[Opening Data for this task section]

(* Let $I=(i_1,\dots,i_k)$ be positive integers with sum $n$, and let $U,V\in S_n^I$ with $U\preceq V$ and $U\ne V$. Let $j_0$ be the least index with $U(j_0)\neq V(j_0)$. Then $U(j_0)<V(j_0)$. Let $l\ge j_0$ be maximal such that $V(j_0)=V(j_0+1)=\dots=V(l)$, and let $m$ be the least integer with $l\le m\le n$ satisfying $U(j_0)\le V(m)<V(l)$. Let $V'=V\circ(l,m)$, i.e. the string $(V(1),\dots,V(n))$ with the entries in positions $l$ and $m$ swapped. Then $U\preceq V'\preceq V$.
   Context: $S_n^I$ is the set of surjective maps $\tau\colon\{1,\dots,n\}\to\{1,\dots,k\}$ with $|\tau^{-1}(j)|=i_j$ for all $j$, written as strings $(\tau(1),\dots,\tau(n))$. Put $r_\tau[p,q]=\#\{j\le p:\ \tau(j)\ge q\}$; the Bruhat order on $S_n^I$ is $\tau\preceq\upsilon$ iff $r_\tau[p,q]\le r_\upsilon[p,q]$ for all $1\le p\le n$, $1\le q\le k$. *)

theory Defs
  imports Main "HOL-Combinatorics.Transposition"
begin

(* The composition I = (i_1,...,i_k) is a list; i_j = I ! (j-1), k = length I, n = sum_list I.
   Maps tau : {1..n} -> {1..k} are represented as functions nat => nat that are 0 outside {1..n}
   (canonical representatives, so that equality of functions is equality of strings). *)

definition SnI :: "nat list \<Rightarrow> (nat \<Rightarrow> nat) set" where
  "SnI I = {\<tau>. (\<forall>p. p \<notin> {1..sum_list I} \<longrightarrow> \<tau> p = 0)
              \<and> \<tau> ` {1..sum_list I} = {1..length I}
              \<and> (\<forall>j\<in>{1..length I}. card {p\<in>{1..sum_list I}. \<tau> p = j} = I ! (j - 1))}"

definition rk :: "(nat \<Rightarrow> nat) \<Rightarrow> nat \<Rightarrow> nat \<Rightarrow> nat" where
  "rk \<tau> p q = card {j\<in>{1..p}. \<tau> j \<ge> q}"

definition bruhat_le :: "nat list \<Rightarrow> (nat \<Rightarrow> nat) \<Rightarrow> (nat \<Rightarrow> nat) \<Rightarrow> bool" where
  "bruhat_le I \<tau> \<upsilon> \<longleftrightarrow>
     (\<forall>p\<in>{1..sum_list I}. \<forall>q\<in>{1..length I}. rk \<tau> p q \<le> rk \<upsilon> p q)"

end

theory Submission
  imports Defs
begin

text \<open>
  Write \<open>a = U j\<^sub>0\<close> and \<open>b = V j\<^sub>0\<close>. The number of positions \<open>j \<le> p\<close> with value in a
  window \<open>[a, q)\<close> is \<open>rk \<tau> p a - rk \<tau> p q\<close>. Since \<open>U\<close> and \<open>V\<close> agree before \<open>j\<^sub>0\<close>, as long as
  \<open>V\<close> has no entry in \<open>[a, q)\<close> at positions \<open>j\<^sub>0..p\<close> the window count of \<open>U\<close> exceeds that
  of \<open>V\<close>; together with \<open>rk U p a \<le> rk V p a\<close> this forces \<open>rk U p q < rk V p q\<close>.
  This gives \<open>a < b\<close> (take \<open>q = \<infinity>\<close> and \<open>p = j\<^sub>0\<close>), the existence of \<open>m\<close> (take \<open>p = n\<close>, \<open>q = b\<close>,
  where both ranks are fixed by \<open>I\<close>) and a strict inequality for \<open>l \<le> p < m\<close>,
  \<open>V m < q \<le> b\<close>, which is exactly the slack consumed by the transposition:
  swapping the descent \<open>V l > V m\<close> lowers \<open>rk V p q\<close> by one precisely in that range.
\<close>

lemma card_split_two:
  assumes "finite A" "x \<noteq> y"
  shows "card A = card (A - {x, y}) + (if x \<in> A then 1 else 0) + (if y \<in> A then 1 else 0)"
proof -
  have "card (A - {x, y}) = card A - card (A \<inter> {x, y})"
    using assms by (simp add: card_Diff_subset_Int)
  moreover have "card (A \<inter> {x, y}) = (if x \<in> A then 1 else 0) + (if y \<in> A then 1 else 0)"
    using assms by (cases "x \<in> A"; cases "y \<in> A") (auto simp: Int_insert_right)
  moreover have "card (A \<inter> {x, y}) \<le> card A"
    using assms by (simp add: card_mono)
  ultimately show ?thesis by linarith
qed

lemma SnI_range:
  assumes "\<tau> \<in> SnI I" "j \<in> {1..sum_list I}"
  shows "\<tau> j \<in> {1..length I}"
proof -
  have "\<tau> ` {1..sum_list I} = {1..length I}"
    using assms(1) unfolding SnI_def by blast
  then show ?thesis using assms(2) by blast
qed

lemma SnI_first_difference:
  assumes "U \<in> SnI I" "V \<in> SnI I" "U \<noteq> V"
  defines "j0 \<equiv> LEAST j. 1 \<le> j \<and> j \<le> sum_list I \<and> U j \<noteq> V j"
  shows "j0 \<in> {1..sum_list I}" "U j0 \<noteq> V j0" "\<forall>j. 1 \<le> j \<longrightarrow> j < j0 \<longrightarrow> U j = V j"
proof -
  obtain x where "U x \<noteq> V x"
    using assms(3) by blast
  moreover have "U x = V x" if "x \<notin> {1..sum_list I}"
    using assms(1,2) that unfolding SnI_def by simp
  ultimately have "\<exists>j. 1 \<le> j \<and> j \<le> sum_list I \<and> U j \<noteq> V j"
    by auto
  then have j0: "1 \<le> j0 \<and> j0 \<le> sum_list I \<and> U j0 \<noteq> V j0"
    unfolding j0_def by (rule LeastI_ex)
  then show "j0 \<in> {1..sum_list I}" "U j0 \<noteq> V j0"
    by auto
  show "\<forall>j. 1 \<le> j \<longrightarrow> j < j0 \<longrightarrow> U j = V j"
    using not_less_Least j0 unfolding j0_def by fastforce
qed

lemma Greatest_plateau:
  fixes f :: "nat \<Rightarrow> 'a"
  assumes "j \<le> n"
  defines "l \<equiv> GREATEST l. j \<le> l \<and> l \<le> n \<and> (\<forall>t\<in>{j..l}. f t = f j)"
  shows "j \<le> l" "l \<le> n" "\<forall>t\<in>{j..l}. f t = f j"
proof -
  let ?P = "\<lambda>l. j \<le> l \<and> l \<le> n \<and> (\<forall>t\<in>{j..l}. f t = f j)"
  have "?P j"
    using assms(1) by simp
  then have "?P l"
    unfolding l_def by (rule GreatestI_nat[of _ j n]) blast
  then show "j \<le> l" "l \<le> n" "\<forall>t\<in>{j..l}. f t = f j"
    by blast+
qed

lemma rk_antimono:
  assumes "a \<le> q"
  shows "rk \<tau> p q \<le> rk \<tau> p a"
  unfolding rk_def using assms by (intro card_mono) auto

[Closing Data for this task section]

Every line above needs to be retyped exactly.

▸ Solution:
(* Let $I=(i_1,\dots,i_k)$ be positive integers with sum $n$, and let $U,V\in S_n^I$ with $U\preceq V$ and $U\ne V$. Let $j_0$ be the least index with $U(j_0)\neq V(j_0)$. Then $U(j_0)<V(j_0)$. Let $l\ge j_0$ be maximal such that $V(j_0)=V(j_0+1)=\dots=V(l)$, and let $m$ be the least integer with $l\le m\le n$ satisfying $U(j_0)\le V(m)<V(l)$. Let $V'=V\circ(l,m)$, i.e. the string $(V(1),\dots,V(n))$ with the entries in positions $l$ and $m$ swapped. Then $U\preceq V'\preceq V$.
   Context: $S_n^I$ is the set of surjective maps $\tau\colon\{1,\dots,n\}\to\{1,\dots,k\}$ with $|\tau^{-1}(j)|=i_j$ for all $j$, written as strings $(\tau(1),\dots,\tau(n))$. Put $r_\tau[p,q]=\#\{j\le p:\ \tau(j)\ge q\}$; the Bruhat order on $S_n^I$ is $\tau\preceq\upsilon$ iff $r_\tau[p,q]\le r_\upsilon[p,q]$ for all $1\le p\le n$, $1\le q\le k$. *)

theory Defs
  imports Main "HOL-Combinatorics.Transposition"
begin

(* The composition I = (i_1,...,i_k) is a list; i_j = I ! (j-1), k = length I, n = sum_list I.
   Maps tau : {1..n} -> {1..k} are represented as functions nat => nat that are 0 outside {1..n}
   (canonical representatives, so that equality of functions is equality of strings). *)

definition SnI :: "nat list \<Rightarrow> (nat \<Rightarrow> nat) set" where
  "SnI I = {\<tau>. (\<forall>p. p \<notin> {1..sum_list I} \<longrightarrow> \<tau> p = 0)
              \<and> \<tau> ` {1..sum_list I} = {1..length I}
              \<and> (\<forall>j\<in>{1..length I}. card {p\<in>{1..sum_list I}. \<tau> p = j} = I ! (j - 1))}"

definition rk :: "(nat \<Rightarrow> nat) \<Rightarrow> nat \<Rightarrow> nat \<Rightarrow> nat" where
  "rk \<tau> p q = card {j\<in>{1..p}. \<tau> j \<ge> q}"

definition bruhat_le :: "nat list \<Rightarrow> (nat \<Rightarrow> nat) \<Rightarrow> (nat \<Rightarrow> nat) \<Rightarrow> bool" where
  "bruhat_le I \<tau> \<upsilon> \<longleftrightarrow>
     (\<forall>p\<in>{1..sum_list I}. \<forall>q\<in>{1..length I}. rk \<tau> p q \<le> rk \<upsilon> p q)"

end

theory Submission
  imports Defs
begin

text \<open>
  Write \<open>a = U j\<^sub>0\<close> and \<open>b = V j\<^sub>0\<close>. The number of positions \<open>j \<le> p\<close> with value in a
  window \<open>[a, q)\<close> is \<open>rk \<tau> p a - rk \<tau> p q\<close>. Since \<open>U\<close> and \<open>V\<close> agree before \<open>j\<^sub>0\<close>, as long as
  \<open>V\<close> has no entry in \<open>[a, q)\<close> at positions \<open>j\<^sub>0..p\<close> the window count of \<open>U\<close> exceeds that
  of \<open>V\<close>; together with \<open>rk U p a \<le> rk V p a\<close> this forces \<open>rk U p q < rk V p q\<close>.
  This gives \<open>a < b\<close> (take \<open>q = \<infinity>\<close> and \<open>p = j\<^sub>0\<close>), the existence of \<open>m\<close> (take \<open>p = n\<close>, \<open>q = b\<close>,
  where both ranks are fixed by \<open>I\<close>) and a strict inequality for \<open>l \<le> p < m\<close>,
  \<open>V m < q \<le> b\<close>, which is exactly the slack consumed by the transposition:
  swapping the descent \<open>V l > V m\<close> lowers \<open>rk V p q\<close> by one precisely in that range.
\<close>

lemma card_split_two:
  assumes "finite A" "x \<noteq> y"
  shows "card A = card (A - {x, y}) + (if x \<in> A then 1 else 0) + (if y \<in> A then 1 else 0)"
proof -
  have "card (A - {x, y}) = card A - card (A \<inter> {x, y})"
    using assms by (simp add: card_Diff_subset_Int)
  moreover have "card (A \<inter> {x, y}) = (if x \<in> A then 1 else 0) + (if y \<in> A then 1 else 0)"
    using assms by (cases "x \<in> A"; cases "y \<in> A") (auto simp: Int_insert_right)
  moreover have "card (A \<inter> {x, y}) \<le> card A"
    using assms by (simp add: card_mono)
  ultimately show ?thesis by linarith
qed

lemma SnI_range:
  assumes "\<tau> \<in> SnI I" "j \<in> {1..sum_list I}"
  shows "\<tau> j \<in> {1..length I}"
proof -
  have "\<tau> ` {1..sum_list I} = {1..length I}"
    using assms(1) unfolding SnI_def by blast
  then show ?thesis using assms(2) by blast
qed

lemma SnI_first_difference:
  assumes "U \<in> SnI I" "V \<in> SnI I" "U \<noteq> V"
  defines "j0 \<equiv> LEAST j. 1 \<le> j \<and> j \<le> sum_list I \<and> U j \<noteq> V j"
  shows "j0 \<in> {1..sum_list I}" "U j0 \<noteq> V j0" "\<forall>j. 1 \<le> j \<longrightarrow> j < j0 \<longrightarrow> U j = V j"
proof -
  obtain x where "U x \<noteq> V x"
    using assms(3) by blast
  moreover have "U x = V x" if "x \<notin> {1..sum_list I}"
    using assms(1,2) that unfolding SnI_def by simp
  ultimately have "\<exists>j. 1 \<le> j \<and> j \<le> sum_list I \<and> U j \<noteq> V j"
    by auto
  then have j0: "1 \<le> j0 \<and> j0 \<le> sum_list I \<and> U j0 \<noteq> V j0"
    unfolding j0_def by (rule LeastI_ex)
  then show "j0 \<in> {1..sum_list I}" "U j0 \<noteq> V j0"
    by auto
  show "\<forall>j. 1 \<le> j \<longrightarrow> j < j0 \<longrightarrow> U j = V j"
    using not_less_Least j0 unfolding j0_def by fastforce
qed

lemma Greatest_plateau:
  fixes f :: "nat \<Rightarrow> 'a"
  assumes "j \<le> n"
  defines "l \<equiv> GREATEST l. j \<le> l \<and> l \<le> n \<and> (\<forall>t\<in>{j..l}. f t = f j)"
  shows "j \<le> l" "l \<le> n" "\<forall>t\<in>{j..l}. f t = f j"
proof -
  let ?P = "\<lambda>l. j \<le> l \<and> l \<le> n \<and> (\<forall>t\<in>{j..l}. f t = f j)"
  have "?P j"
    using assms(1) by simp
  then have "?P l"
    unfolding l_def by (rule GreatestI_nat[of _ j n]) blast
  then show "j \<le> l" "l \<le> n" "\<forall>t\<in>{j..l}. f t = f j"
    by blast+
qed

lemma rk_antimono:
  assumes "a \<le> q"
  shows "rk \<tau> p q \<le> rk \<tau> p a"
  unfolding rk_def using assms by (intro card_mono) auto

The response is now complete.